Even if we couldn’t see
the Mashco, it was clear that they were nearby. People in Diamante, an
hour downriver, had reported quiet raids, in which the Mashco came
looking for food and for things to steal. Torres hoped that they would
desist now that his team was feeding them, but if the rains kept them
from the meeting point there was a risk that they would start again.
At
a community meeting in Diamante, a woman named Nena, carrying a baby on
her back, stood nervously to say that she had visited her vegetable
patch—a small plot that Peruvians call a chacra—and found
indications that the Mashco had been there. It had happened a week ago,
and she was still afraid to return. Torres wanted to review the
evidence, so we crossed the river in our peke-peke, with Nena
pointing the way. Onshore, we followed her through a maize field to a
spot where she stopped and looked around fearfully. At the entrance to a
barely discernible path into the forest, she pointed at two twigs that
had been bent so that their tips crossed. Ponceano inspected them
closely, then walked on, scrutinizing the path. There were four more
sets of bent twigs: a warning left by the Mashco.
“What does it mean?” I asked.
“It means you should not go any farther,” Ponceano said. “If you do, they will shoot you with arrows.”
Nena
led us back to the riverbank, sweating and breathing in nervous gasps.

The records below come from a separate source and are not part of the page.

(* Let $R$ be a hyperring, $\mathcal{SR}(R)$ the set of strongly regular relations on $R$ ordered by inclusion, and $\mathcal I(\gamma^*(0))$ the set of hyperideals of $R$ containing $\gamma^*(0)$ ordered by inclusion. Then the map $f:\mathcal{SR}(R)\to\mathcal I(\gamma^*(0))$, $f(\rho)=\rho(0)$, is well defined and is an isomorphism of complete lattices, with inverse $g(I)=\rho_I=\{(x,y)\in R^2: x+I=y+I\}$ (in particular $\rho_I$ is strongly regular for each $I\in\mathcal I(\gamma^*(0))$, $\rho_I(0)=I$, and $\rho_{\rho(0)}=\rho$).
   Context: Standing conventions. A hyperring means a commutative Krasner hyperring with identity: a set $R$ with a hyperoperation $+:R\times R\to\mathcal P^*(R)$ (nonempty subsets; for subsets $A,B$ one sets $A+B=\bigcup_{a\in A,b\in B}a+b$) and a binary operation $\cdot$ such that: $+$ is associative and commutative; there is $0\in R$ with $0+x=\{x\}$ for all $x$; every $x$ has a unique $-x$ with $0\in x+(-x)$; $z\in x+y$ implies $y\in -x+z$ and $x\in z-y$; $(R,\cdot)$ is a commutative monoid with identity $1$; $0\cdot x=0$; and $x(y+z)=xy+xz$. A hyperideal of $R$ is a nonempty $I\subseteq R$ with $a-b\subseteq I$ and $ra\in I$ for all $a,b\in I$, $r\in R$; $x+I=\bigcup_{y\in I}(x+y)$. An equivalence relation $\rho$ on $R$ is strongly regular if whenever $(a,b)\in\rho$ and $(c,d)\in\rho$, then $(u,v)\in\rho$ for all $u\in a+c$, $v\in b+d$, and $(ac,bd)\in\rho$; $\rho(x)$ denotes the $\rho$-class of $x$. Let $\mathcal U$ be the set of all finite sums of finite products of elements of $R$ (each such sum is a subset of $R$). The relation $\gamma^*$ is defined by $(a,b)\in\gamma^*$ iff there exist $a=z_1,z_2,\dots,z_{n+1}=b$ in $R$ and $U_1,\dots,U_n\in\mathcal U$ with $\{z_i,z_{i+1}\}\subseteq U_i$ for all $i$; it is the smallest strongly regular relation on $R$, and $\gamma^*(0)$ is the $\gamma^*$-class of $0$. *)

theory Defs
  imports Main
begin

definition setadd :: "('a \<Rightarrow> 'a \<Rightarrow> 'a set) \<Rightarrow> 'a set \<Rightarrow> 'a set \<Rightarrow> 'a set" where
  "setadd add A B = (\<Union>a\<in>A. \<Union>b\<in>B. add a b)"

definition hneg :: "'a set \<Rightarrow> ('a \<Rightarrow> 'a \<Rightarrow> 'a set) \<Rightarrow> 'a \<Rightarrow> 'a \<Rightarrow> 'a" where
  "hneg R add zero x = (THE y. y \<in> R \<and> zero \<in> add x y)"

definition hyperring ::
  "'a set \<Rightarrow> ('a \<Rightarrow> 'a \<Rightarrow> 'a set) \<Rightarrow> ('a \<Rightarrow> 'a \<Rightarrow> 'a) \<Rightarrow> 'a \<Rightarrow> 'a \<Rightarrow> bool" where
  "hyperring R add mul zero one \<longleftrightarrow>
     zero \<in> R \<and> one \<in> R \<and>
     (\<forall>x\<in>R. \<forall>y\<in>R. add x y \<noteq> {} \<and> add x y \<subseteq> R) \<and>
     (\<forall>x\<in>R. \<forall>y\<in>R. mul x y \<in> R) \<and>
     (\<forall>x\<in>R. \<forall>y\<in>R. \<forall>z\<in>R. setadd add (add x y) {z} = setadd add {x} (add y z)) \<and>
     (\<forall>x\<in>R. \<forall>y\<in>R. add x y = add y x) \<and>
     (\<forall>x\<in>R. add zero x = {x}) \<and>
     (\<forall>x\<in>R. \<exists>!y. y \<in> R \<and> zero \<in> add x y) \<and>
     (\<forall>x\<in>R. \<forall>y\<in>R. \<forall>z\<in>R. z \<in> add x y \<longrightarrow>
          y \<in> add (hneg R add zero x) z \<and> x \<in> add z (hneg R add zero y)) \<and>
     (\<forall>x\<in>R. \<forall>y\<in>R. \<forall>z\<in>R. mul (mul x y) z = mul x (mul y z)) \<and>
     (\<forall>x\<in>R. \<forall>y\<in>R. mul x y = mul y x) \<and>
     (\<forall>x\<in>R. mul one x = x) \<and>
     (\<forall>x\<in>R. mul zero x = zero) \<and>
     (\<forall>x\<in>R. \<forall>y\<in>R. \<forall>z\<in>R. mul x ` (add y z) = setadd add {mul x y} {mul x z})"

definition hyperideal ::
  "'a set \<Rightarrow> ('a \<Rightarrow> 'a \<Rightarrow> 'a set) \<Rightarrow> ('a \<Rightarrow> 'a \<Rightarrow> 'a) \<Rightarrow> 'a \<Rightarrow> 'a set \<Rightarrow> bool" where
  "hyperideal R add mul zero I \<longleftrightarrow>
     I \<noteq> {} \<and> I \<subseteq> R \<and>
     (\<forall>a\<in>I. \<forall>b\<in>I. add a (hneg R add zero b) \<subseteq> I) \<and>
     (\<forall>r\<in>R. \<forall>a\<in>I. mul r a \<in> I)"

definition strongly_regular ::
  "'a set \<Rightarrow> ('a \<Rightarrow> 'a \<Rightarrow> 'a set) \<Rightarrow> ('a \<Rightarrow> 'a \<Rightarrow> 'a) \<Rightarrow> ('a \<times> 'a) set \<Rightarrow> bool" where
  "strongly_regular R add mul \<rho> \<longleftrightarrow>
     equiv R \<rho> \<and>
     (\<forall>a b c d. (a, b) \<in> \<rho> \<longrightarrow> (c, d) \<in> \<rho> \<longrightarrow>
        (\<forall>u\<in>add a c. \<forall>v\<in>add b d. (u, v) \<in> \<rho>) \<and> (mul a c, mul b d) \<in> \<rho>)"

inductive_set hprods :: "'a set \<Rightarrow> ('a \<Rightarrow> 'a \<Rightarrow> 'a) \<Rightarrow> 'a set"
  for R mul where
  base: "x \<in> R \<Longrightarrow> x \<in> hprods R mul"
| step: "p \<in> hprods R mul \<Longrightarrow> x \<in> R \<Longrightarrow> mul p x \<in> hprods R mul"

inductive_set hsums :: "'a set \<Rightarrow> ('a \<Rightarrow> 'a \<Rightarrow> 'a set) \<Rightarrow> ('a \<Rightarrow> 'a \<Rightarrow> 'a) \<Rightarrow> 'a set set"
  for R add mul where
  base: "p \<in> hprods R mul \<Longrightarrow> {p} \<in> hsums R add mul"
| step: "A \<in> hsums R add mul \<Longrightarrow> p \<in> hprods R mul \<Longrightarrow> setadd add A {p} \<in> hsums R add mul"

definition gamma_star ::
  "'a set \<Rightarrow> ('a \<Rightarrow> 'a \<Rightarrow> 'a set) \<Rightarrow> ('a \<Rightarrow> 'a \<Rightarrow> 'a) \<Rightarrow> ('a \<times> 'a) set" where
  "gamma_star R add mul = {(x, y). \<exists>U\<in>hsums R add mul. x \<in> U \<and> y \<in> U}\<^sup>+"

Her husband worked in a sawmill, far away, and came home only every few
months, so she tended the plot herself, often bringing along the baby
and her three older children. “I keep the baby here,” she said, touching
the bundle on her back. Then she gestured at a shaded area under some
trees. “I usually leave the others there, playing. Now I can’t do that
anymore.” With a distressed look, she said that she didn’t know how she
was going to feed her family now.
As
we approached Nomole, going back upriver, the boat crew began shouting
and pointing to the far shore. A group of people had assembled, their
reddish skin distinct against the scree of white rock. The Mashco had
returned.
Across the river, the Nomole team was
setting out from the shore: Flores and Ponceano, as well as a doctor
named Fernando Mendieta, who sometimes volunteered. To avoid disrupting
their work, Torres steered us toward a long sandbar, a hundred feet from
where the Mashco had gathered. We crept toward a large tree snagged
there, which offered us cover while we watched.
The
Mashco on the shore had very erect posture and moved economically,
seeming always to be in synch. Their leader, Kamotolo, was tall and
square-jawed, with cropped black hair, and was completely naked; so was a
younger man, who looked to be a teen-ager. There were two women, who
had long, thick hair and wore flaps of woven bark on strings around
their waists, which protected their genitals but left their bottoms
bare. Both women were pregnant, and they tended to five children, all of
them naked.

The
Mashco had a ritual greeting: they hugged visitors, put their heads on
their shoulders, and then felt inside their clothing, as if to ascertain
their sex. For perhaps forty minutes, the two groups mingled: the
Mashco touching and probing, and the Nomole team acquiescing, mostly in
good humor. The Mashco women approached Flores and, as she giggled,
touched her breasts and stomach. Kamotolo strode along the shore, sat
down in the Nomole peke-peke, and then returned to the group,
looking excited. The team had brought two large hands of bananas and set
them down near a fallen log. Kamotolo periodically went over, sat on
the log, and ate bananas, one after the other.
There
was little talk, and no sense of urgency; it was as if the Nomole team
had crossed the river to play with a group of largely mute children. A
couple of the younger Mashco swarmed Ponceano and made him race with
them, back and forth from the tree line to the shore. They seemed
delighted by his chubbiness. One of the women approached Mendieta, and
tugged at his shirt, a purple polo. He gently resisted, but the woman
finally got the shirt from him and pulled it on.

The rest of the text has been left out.